MobileRead Forums - View Single Post

jackie_w · 03-25-2019, 01:36 PM

Quote:

Originally Posted by Gorcsev

Unfortunately you are right it was discussed earlier, but as I read through that post it was not a settled down solution. As I searched the net, the non-break space is not 100% means "not-variable length space". Better solution (I tried in kepub) would be the fix length "1/4 em-space" but the device displays a □ when the "text-rendering: optimezedlegibility/speed" is used in body tag.

Interim solution a fix length "en-space" but again, it means should be touched all the books what I sideload to KOBO .

There are 3 (at least) different things to consider here when trying to "beautify" full-justified text:

Font used: The problem with using some of those 'special spaces' is that most freely available fonts don't actually contain those glyphs (e.g. U+2003, U+2004, U+2005), so you see the generic 'glyph unavailable' character instead. Did you check that? I'd be surprised if any of the built-in fonts have them.

Even if you do find a suitable font to sideload you may still suffer the 'stretchy spaces' problem. If a non-breaking-space doesn't work is there any reason to believe one of the other spaces will be any better?
Hyphenation: Hungarian isn't one of Kobo's officially supported languages so they don't supply a hyph_hu.dic hyphenation dictionary. Have you been able to install a custom one? Do you see any hyphenation in your Hungarian books?

I know it's easy to replace the Kobo default English hyphenation dictionary with a better one but I'm not sure whether there's more to it when adding a new language.
koboSpans algorithm: If you're comfortable hacking your own copy of KTE ... Rather than trying to decide "when is a sentence not a sentence", just don't split into sentences at all. Try this simple hack to greatly reduce the number of koboSpans added.

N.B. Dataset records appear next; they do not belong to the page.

lemma subring_set_polys_in: "subring_set (polys_in V)"
proof
  show "1 \<in> polys_in V"
    by (simp add: polys_in_def)
next
  fix a b :: "'a mpoly"
  assume a: "a \<in> polys_in V" and b: "b \<in> polys_in V"
  show "a - b \<in> polys_in V"
    unfolding polys_in_def
  proof (intro CollectI ballI)
    fix m assume "m \<in> keys (a - b)"
    then have "m \<in> keys a \<union> keys b" by (rule subsetD[OF keys_diff])
    then show "keys m \<subseteq> V" using a b by (auto simp: polys_in_def)
  qed
  show "a * b \<in> polys_in V"
    unfolding polys_in_def
  proof (intro CollectI ballI)
    fix m assume "m \<in> keys (a * b)"
    then have "m \<in> {m1 + m2 | m1 m2. m1 \<in> keys a \<and> m2 \<in> keys b}"
      by (rule subsetD[OF keys_mult])
    then obtain m1 m2 where "m = m1 + m2" "m1 \<in> keys a" "m2 \<in> keys b"
      by blast
    moreover have "keys (m1 + m2) \<subseteq> keys m1 \<union> keys m2"
      by (rule keys_add)
    ultimately show "keys m \<subseteq> V" using a b by (auto simp: polys_in_def)
  qed
qed

interpretation polys_in: subring_set "polys_in V" for V
  by (fact subring_set_polys_in)

interpretation algA: subring_set "algA p" for p
  unfolding algA_def by (intro subring_set_subst_image subring_set_polys_in)

section \<open>Monomials in \<open>A\<close>\<close>

lemma phi_gen_in_algA: "i \<in> {1..2*p} \<Longrightarrow> phi_gen p i \<in> algA p"
  unfolding algA_def
  by (rule image_eqI[of _ _ "Var i"]) (simp add: subst_Var, simp add: polys_in_def Var_def)

lemma Var_in_algA:
  assumes "i \<in> {1..p-1}"
  shows "Var i \<in> algA p"
proof -
  have "phi_gen p i \<in> algA p"
    using assms by (intro phi_gen_in_algA) auto
  then show ?thesis
    using assms by (simp add: phi_gen_def)
qed

lemma Var_add_Var0_in_algA:
  assumes "1 \<le> p"
  shows "Var p + Var 0 \<in> algA p"
proof -
  have "phi_gen p p \<in> algA p"
    using assms by (intro phi_gen_in_algA) auto
  moreover have "\<not> p \<le> p - 1"
    using assms by simp
  ultimately show ?thesis
    by (simp add: phi_gen_def)
qed

lemma Var_mult_Var0_in_algA:
  assumes "i \<in> {1..p}"
  shows "Var i * Var 0 \<in> algA p"
proof -
  have "phi_gen p (i + p) \<in> algA p"
    using assms by (intro phi_gen_in_algA) auto
  moreover have "\<not> i + p \<le> p - 1" "i + p \<noteq> p"
    using assms by auto
  ultimately show ?thesis
    using assms by (simp add: phi_gen_def)
qed

lemma phi_gen_in_polys_in: "phi_gen p i \<in> polys_in {0..p}"
proof -
  have "Var v \<in> polys_in {0..p}" if "v \<le> p" for v
    using that by (simp add: polys_in_def Var_def)
  then show ?thesis
    unfolding phi_gen_def by (auto intro!: polys_in.add_mem polys_in.mult_mem polys_in.zero_mem)
qed

lemma subst_in_polys_in: "(\<And>v. g v \<in> polys_in V) \<Longrightarrow> subst g f \<in> polys_in V"
  unfolding subst_def
  by (intro polys_in.sum_mem polys_in.mult_mem polys_in.prod_mem polys_in.power_mem)
     (auto simp: polys_in_def Const_def)

lemma algA_subset_polys_in: "algA p \<subseteq> polys_in {0..p}"
  unfolding algA_def using subst_in_polys_in phi_gen_in_polys_in by blast

lemma single_in_algA:
  assumes i: "i \<in> {1..p-1}" and m: "keys m \<subseteq> {0..p}" "0 < lookup m i"
  shows "single m 1 \<in> algA p"
proof -
  have ne: "i \<noteq> 0" "i \<noteq> p" "p \<noteq> 0"
    using i by auto
  define n where "n = m - single i 1 - single p (lookup m p) - single 0 (lookup m 0)"
  have m_eq: "m = n + single i 1 + single p (lookup m p) + single 0 (lookup m 0)"
    using i m(2) by (intro poly_mapping_eqI) (auto simp: n_def lookup_add lookup_minus lookup_single when_def)
  have "keys n \<subseteq> {1..p-1}"
  proof
    fix v assume "v \<in> keys n"
    then have "v \<in> keys m" "v \<noteq> p" "v \<noteq> 0"
      using ne by (auto simp: n_def in_keys_iff lookup_minus lookup_single when_def split: if_splits)
    then show "v \<in> {1..p-1}" using m(1) by force
  qed
  then have "single n 1 \<in> algA p"
    unfolding subst_monom_Var[symmetric] subst_monom_def
    by (intro algA.prod_mem algA.power_mem Var_in_algA) auto
  moreover have "Var i * Var p ^ lookup m p * Var 0 ^ lookup m 0 \<in> algA p"
    using i by (intro algA.mulVar_mult_Var_power_mem Var_add_Var0_in_algA Var_in_algA Var_mult_Var0_in_algA) auto
  ultimately have "single n 1 * (Var i * Var p ^ lookup m p * Var 0 ^ lookup m 0) \<in> algA p"
    by (rule algA.mult_mem)
  also have "single n 1 * (Var i * Var p ^ lookup m p * Var 0 ^ lookup m 0)
      = single (n + single i 1 + single p (lookup m p) + single 0 (lookup m 0)) 1"
    by (simp only: Var_power, simp add: Var_def mult_single add.assoc)
  also have "\<dots> = single m 1"
    by (simp only: m_eq[symmetric])
  finally show ?thesis .
qed

section \<open>Monomial orders and leading monomials\<close>

lemma keys_add_subset: "keys a \<subseteq> V \<Longrightarrow> keys b \<subseteq> V \<Longrightarrow> keys (a + b) \<subseteq> V"
  using keys_add[of a b] by blast

context
  fixes V :: "nat set" and le :: "(nat \<Rightarrow>\<^sub>0 nat) \<Rightarrow> (nat \<Rightarrow>\<^sub>0 nat) \<Rightarrow> bool"
  assumes mo: "monomial_order V le"
begin

lemma monomial_order_refl:
  assumes "keys a \<subseteq> V"
  shows "le a a"
proof -
  have "\<forall>a\<in>{m. keys m \<subseteq> V}. le a a"
    using mo unfolding monomial_order_def Let_def by (elim conjE) assumption
  then show ?thesis using assms by blast
qed

lemma monomial_order_antisym:
  assumes "keys a \<subseteq> V" "keys b \<subseteq> V" "le a b" "le b a"
  shows "a = b"
proof -
  have "\<forall>a\<in>{m. keys m \<subseteq> V}. \<forall>b\<in>{m. keys m \<subseteq> V}. le a b \<and> le b a \<longrightarrow> a = b"
    using mo unfolding monomial_order_def Let_def by (elim conjE) assumption
  then show ?thesis using assms by blast
qed

lemma monomial_order_trans:
  assumes "keys a \<subseteq> V" "keys b \<subseteq> V" "keys c \<subseteq> V" "le a b" "le b c"
  shows "le a c"
proof -
  have "\<forall>a\<in>{m. keys m \<subseteq> V}. \<forall>b\<in>{m. keys m \<subseteq> V}. \<forall>c\<in>{m. keys m \<subseteq> V}.
      le a b \<and> le b c \<longrightarrow> le a c"
    using mo unfolding monomial_order_def Let_def by (elim conjE) assumption
  then show ?thesis using assms by blast
qed

lemma monomial_order_linear:
  assumes "keys a \<subseteq> V" "keys b \<subseteq> V"
  shows "le a b \<or> le b a"
proof -
  have "\<forall>a\<in>{m. keys m \<subseteq> V}. \<forall>b\<in>{m. keys m \<subseteq> V}. le a b \<or> le b a"
    using mo unfolding monomial_order_def Let_def by (elim conjE) assumption
  then show ?thesis using assms by blast
qed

Inside the KoboTouchExtended.zip file find the container.py file, change lines 540-544 from
Code:
```
                groups = re.split(
                    r'(.*?[\.\!\?\:][\'"\u201d\u2019“…]?\s*)',
                    text,
                    flags=re.UNICODE | re.MULTILINE,
                )
```
to
Code:
```
                groups = [text]
```
This is the first hack I was referring to in post #60. It has the benefit of being language independent, but I can't promise there won't be unintended consequences with annotations and bookmarking. You'll need to experiment.

I know you would prefer to use kepub but did you actually test whether all the problems disappear if you use epub?

Is it possible you could post a 1-page test epub containing the kind of HTML you see when you buy a retail Hungarian book with a lot of dialogue? I'm having difficulty understanding whether your problems are with the original epub or with a manually edited version. There's not much likelihood of successfully hacking KTE to auto-edit books on-the fly if no-one knows what the original HTML looks like.